Now, let's check the data types of our DataFrame:

In [6]:
dict(zip(df.columns, df.dtypes))

{'PassengerId': Int64,
 'Name': Utf8,
 'Sex': Categorical,
 'Age': Int64,
 'Parch': Int64,
 'Ticket': Utf8,
 'Fare': Float64,
 'Cabin': Utf8,
 'Embarked': Categorical,
 'Birthday': Date,
 'Board time': Time,
 'Married since': Datetime(time_unit='us', time_zone=None),
 'all_NA': Utf8}

We see that most variables are now nicely specified as strings, categories, dates and ints where necessary. We can also inspect the data a bit more with `describe()`.

In [7]:
df.describe()

describe,PassengerId,Name,Sex,Age,Parch,Ticket,Fare,Cabin,Embarked,Birthday,Board time,Married since,all_NA
str,f64,str,str,f64,f64,str,f64,str,str,str,str,str,str
"""count""",891.0,"""891""","""891""",891.0,891.0,"""891""",891.0,"""891""","""891""","""891""","""891""","""891""","""891"""
"""null_count""",0.0,"""0""","""0""",177.0,0.0,"""0""",0.0,"""687""","""2""","""78""","""79""","""92""","""891"""
"""mean""",446.0,,,29.693277,0.381594,,32.204208,,,,,,
"""std""",257.353842,,,14.524527,0.806057,,49.693429,,,,,,
"""min""",1.0,"""Abbing, Mr.
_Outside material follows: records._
(* Let $q\in(0,1)$, let $S$ be a Schur function (analytic in the open unit disk with $|S|\le1$ there) and let $k\in\mathbb N_0$. Then the function $z\mapsto S(z\sqrt{1-q}\,q^{k/2})$ is a contractive multiplier of $\mathbf H_{2,q}$.
   Context: $[0]_q=1$, $[k]_q=1+q+\cdots+q^{k-1}$ ($k\ge1$), $[k]_q!=\prod_{j=1}^k[j]_q$, $[0]_q!=1$. $E_q(x)=\sum_{k\ge0}x^k/[k]_q!=\prod_{j=0}^\infty(1-(1-q)q^jx)^{-1}$ for $|x|<1/(1-q)$. $\mathbf H_{2,q}$ is the reproducing kernel Hilbert space with kernel $E_q(z\overline w)$ on $|z|<1/\sqrt{1-q}$. A contractive multiplier is a function $s$ such that multiplication by $s$ is a contraction of $\mathbf H_{2,q}$ into itself. *)

theory Defs
  imports "HOL-Analysis.Analysis"
begin

text \<open>q-numbers: [k]_q = 1 + q + ... + q^(k-1); [0]_q = 1 per the paper's convention.\<close>
definition qint :: "real \<Rightarrow> nat \<Rightarrow> real" where
  "qint q k = (if k = 0 then 1 else (\<Sum>j<k. q ^ j))"

definition qfact :: "real \<Rightarrow> nat \<Rightarrow> real" where
  "qfact q k = (\<Prod>j\<in>{1..k}. qint q j)"

definition qdisk :: "real \<Rightarrow> complex set" where
  "qdisk q = ball 0 (1 / sqrt (1 - q))"

text \<open>f belongs to H_{2,q} with Taylor coefficients a: the RKHS with kernel
  E_q(z conj w) = sum_n z^n conj(w)^n / [n]_q! consists exactly of the power series
  sum a_n z^n on qdisk q with finite norm sum_n [n]_q! |a_n|^2.\<close>
definition H2q_coeffs :: "real \<Rightarrow> (complex \<Rightarrow> complex) \<Rightarrow> (nat \<Rightarrow> complex) \<Rightarrow> bool" where
  "H2q_coeffs q f a \<longleftrightarrow>
     summable (\<lambda>n. qfact q n * (cmod (a n))\<^sup>2) \<and>
     (\<forall>z\<in>qdisk q. (\<lambda>n. a n * z ^ n) sums f z)"

definition H2q_normsq :: "real \<Rightarrow> (nat \<Rightarrow> complex) \<Rightarrow> real" where
  "H2q_normsq q a = (\<Sum>n. qfact q n * (cmod (a n))\<^sup>2)"

definition contractive_multiplier :: "real \<Rightarrow> (complex \<Rightarrow> complex) \<Rightarrow> bool" where
  "contractive_multiplier q s \<longleftrightarrow>
     (\<forall>f a. H2q_coeffs q f a \<longrightarrow>
        (\<exists>b. H2q_coeffs q (\<lambda>z. s z * f z) b \<and> H2q_normsq q b \<le> H2q_normsq q a))"

definition schur_function :: "(complex \<Rightarrow> complex) \<Rightarrow> bool" where
  "schur_function S \<longleftrightarrow> S holomorphic_on ball 0 1 \<and> (\<forall>z\<in>ball 0 1. cmod (S z) \<le> 1)"

end

(*
  Put t = sqrt (1 - q) and rescale the Taylor coefficients, a_n = alpha_n t^n. The H_{2,q} norm
  becomes sum_n w_n |alpha_n|^2 with the decreasing weights w_n = [n]_q! (1-q)^n = prod_{1<=j<=n} (1-q^j),
  and multiplication by S(z t q^(k/2)) acts on alpha as the lower triangular Toeplitz matrix of the
  Schur function T(u) = S(q^(k/2) u). Multiplication by a Schur function contracts the Hardy space H^2,
  and by triangularity it contracts every initial segment of alpha; Abel summation against the
  decreasing weights turns these partial-sum inequalities into the weighted one.
  The Hardy space estimate avoids integration: on a circle of radius r < 1, sampling at roots of
  unity gives a discrete Parseval identity for truncated products, then the truncation degree goes
  to infinity and r to 1.
*)
theory Submission
  imports Defs "HOL-Complex_Analysis.Cauchy_Integral_Formula"
begin

section \<open>Cauchy products of power series\<close>

definition cauchy_product :: "(nat \<Rightarrow> 'a::semiring_0) \<Rightarrow> (nat \<Rightarrow> 'a) \<Rightarrow> nat \<Rightarrow> 'a" where
  "cauchy_product c d n = (\<Sum>j\<le>n. c j * d (n - j))"

lemma cauchy_product_powers:
  fixes c d :: "nat \<Rightarrow> 'a::comm_semiring_1"
  shows "cauchy_product (\<lambda>j. c j * x ^ j) (\<lambda>j. d j * x ^ j) n = cauchy_product c d n * x ^ n"
  unfolding cauchy_product_def sum_distrib_right
proof (intro sum.cong refl)
  fix j assume "j \<in> {..n}"
  then have "x ^ j * x ^ (n - j) = x ^ n"
    by (simp flip: power_add)
  then show "c j * x ^ j * (d (n - j) * x ^ (n - j)) = c j * d (n - j) * x ^ n"
    by (metis mult.assoc mult.left_commute)
qed

lemma summable_norm_cauchy_product:
  fixes c d :: "nat \<Rightarrow> 'a::{real_normed_algebra,banach}"
  assumes "summable (\<lambda>n. norm (c n))" "summable (\<lambda>n. norm (d n))"
  shows "summable (\<lambda>n. norm (cauchy_product c d n))"
proof (rule summable_comparison_test)
  show "summable (cauchy_product (\<lambda>n. norm (c n)) (\<lambda>n. norm (d n)))"
    unfolding cauchy_product_def using assms by (intro summable_Cauchy_product) auto
  show "\<exists>N. \<forall>n\<ge>N. norm (norm (cauchy_product c d n))
                   \<le> cauchy_product (\<lambda>n. norm (c n)) (\<lambda>n. norm (d n)) n"
    unfolding cauchy_product_def
    by (auto intro!: order_trans[OF norm_sum] sum_mono norm_mult_ineq)
qed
An…",,0.0,0.0,"""110152""",0.0,"""A10""",,"""1903-07-28""","""10:39:40""","""2022-07-15 12:…",
"""max""",891.0,"""van Melkebeke,…",,80.0,6.0,"""WE/P 5735""",512.3292,"""T""",,"""1940-05-27""","""18:39:28""","""2022-08-15 10:…",
"""median""",446.0,,,28.0,0.0,,14.4542,,,,,,
"""25%""",223.0,,,20.0,0.0,,7.8958,,,,,,
"""75%""",669.0,,,38.0,0.0,,31.0,,,,,,


## Step 2: Creating a MetaFrame object from a DataFrame

Now a lot of work has already gone into creating a properly formatted DataFrame. This work pays off at this stage: let's convert the DataFrame to a MetaFrame structure with the default options. Note: this takes a little bit of time!

In [8]:
mf = MetaFrame.fit_dataframe(df)

Variable PassengerId seems unique, but not set to be unique.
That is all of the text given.